Task »
Pull out of the data below the stretch of lines bounded by the one containing "text \<open>Real trees" and the one containing "(\<exists>\<gamma>::real \<Rightarrow> 'a.", both bounds included, unchanged.

==== Dataset excerpts ====

lemma minus_mult: "(- a) * b = - (a * b :: 'u)"
proof -
  have "a * b + (- a) * b = 0"
    using add_mult[of a "-a" b] by (simp add: zero_mult)
  then show ?thesis
    by (simp add: add_eq_0_iff)
qed

lemma mult_minus: "a * (- b) = - (a * b :: 'u)"
proof -
  have "a * b + a * (- b) = 0"
    using mult_add[of a b "-b"] by (simp add: mult_zero)
  then show ?thesis
    by (simp add: add_eq_0_iff)
qed

lemma diff_mult: "(a - b) * c = a * c - b * (c::'u)"
  using add_mult[of a "-b" c] by (simp add: minus_mult)

lemma mult_diff: "a * (b - c) = a * b - a * (c::'u)"
  using mult_add[of a b "-c"] by (simp add: mult_minus)

lemmas mult_simps[simp] = add_mult mult_add diff_mult mult_diff minus_mult mult_minus
  scale_mult mult_scale one_mult mult_one zero_mult mult_zero

lemma scale_two: "sc 2 x = x + x"
  by (metis scale_left_distrib scale_one one_add_one)

lemma double_cancel: "x + x = y + y \<Longrightarrow> x = (y::'u)"
  by (metis scale_two scale_cancel_left zero_neq_numeral)

lemma LN_altD:
  assumes "a \<in> LN_alt"
  shows "(a * x) * y + (x * a) * y = a * (x * y) + (x * (a * y) :: 'u)"
proof -
  have "assoc a x y = - assoc x a y"
    using assms unfolding LN_alt_def by blast
  then show ?thesis
    unfolding assoc_def by (simp add: algebra_simps)
qed

lemma LN_alt_square_mult: "a \<in> LN_alt \<Longrightarrow> (a * a) * y = a * (a * y :: 'u)"
  by (rule double_cancel) (use LN_altD[of a a y] in simp)
(* Let $T$ be a tree and $g,h$ isometries of $T$. The product $gh$ is elliptic if and only if one of the following holds: (1) $g$ and $h$ are both elliptic and $\mathrm{Fix}(g)\cap\mathrm{Fix}(h)\neq\emptyset$; (2) $\tau(h)<\tau(g)$ (so $g$ is loxodromic) and $h$ creases an arc of $A(g)$ of length at least $\tfrac12(\tau(g)-\tau(h))$ in the negative direction; or the same situation with the roles of $g$ and $h$ exchanged; (3) $g$ and $h$ are both loxodromic, $\tau(g)=\tau(h)\le\ell(A(g)\cap A(h))$, and $g,h$ translate in opposite directions along $A(g)\cap A(h)$.
   Context: $T$ is a simplicial tree (with its path metric, edges of length 1) or a real tree. An isometry $g$ is elliptic if it fixes a point; $\mathrm{Fix}(g)$ is its fixed-point set and $\tau(g)=0$. Otherwise $g$ is loxodromic: it preserves a unique bi-infinite geodesic $A(g)$ (its axis) and translates along it by $\tau(g)>0$ (translation length). An arc is a geodesic segment; $\ell(\alpha)$ denotes its length. Two oriented arcs whose union lies in a single arc are coherent if their orientations are restrictions of one orientation of an arc containing both, and incoherent otherwise. An isometry $h$ creases an arc $\alpha$ of an arc or geodesic $\gamma$ if $\alpha\cup h\alpha\subseteq\gamma$, $\alpha$ and $h\alpha$ share at most an endpoint, and for an orientation $\vec\alpha$ the arcs $\vec\alpha$ and $h\vec\alpha$ are incoherent. When $\gamma=A(g)$ is oriented in the direction of translation of $g$, $h$ creases $\alpha$ in the negative direction if moreover $h\alpha$ precedes $\alpha$ along $A(g)$. *)

theory Defs
  imports Complex_Main "HOL-Library.Extended_Real"
begin

text \<open>Real trees (this covers simplicial trees via their metric realisation).
  A tree is a subset T of a metric space.\<close>

definition is_segment :: "'a::metric_space set \<Rightarrow> 'a \<Rightarrow> 'a \<Rightarrow> 'a set \<Rightarrow> bool" where
  "is_segment T x y S \<longleftrightarrow>
     (\<exists>\<gamma>::real \<Rightarrow> 'a. \<gamma> 0 = x \<and> \<gamma> (dist x y) = y \<and>
        (\<forall>s\<in>{0..dist x y}. \<forall>t\<in>{0..dist x y}. dist (\<gamma> s) (\<gamma> t) = \<bar>s - t\<bar>) \<and>
        S = \<gamma> ` {0..dist x y} \<and> S \<subseteq> T)"

definition seg :: "'a::metric_space set \<Rightarrow> 'a \<Rightarrow> 'a \<Rightarrow> 'a set" where
  "seg T x y = (THE S. is_segment T x y S)"

definition real_tree :: "'a::metric_space set \<Rightarrow> bool" where
  "real_tree T \<longleftrightarrow> T \<noteq> {} \<and>
     (\<forall>x\<in>T. \<forall>y\<in>T. \<exists>!S. is_segment T x y S) \<and>
     (\<forall>x\<in>T. \<forall>y\<in>T. \<forall>z\<in>T. seg T x y \<inter> seg T y z = {y} \<longrightarrow>
         seg T x y \<union> seg T y z = seg T x z)"

definition isometry :: "'a::metric_space set \<Rightarrow> ('a \<Rightarrow> 'a) \<Rightarrow> bool" where
  "isometry T g \<longleftrightarrow> g ` T = T \<and> (\<forall>x\<in>T. \<forall>y\<in>T. dist (g x) (g y) = dist x y)"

====

Expected answer »
text \<open>Real trees (this covers simplicial trees via their metric realisation).
  A tree is a subset T of a metric space.\<close>

definition is_segment :: "'a::metric_space set \<Rightarrow> 'a \<Rightarrow> 'a \<Rightarrow> 'a set \<Rightarrow> bool" where
  "is_segment T x y S \<longleftrightarrow>
     (\<exists>\<gamma>::real \<Rightarrow> 'a. \<gamma> 0 = x \<and> \<gamma> (dist x y) = y \<and>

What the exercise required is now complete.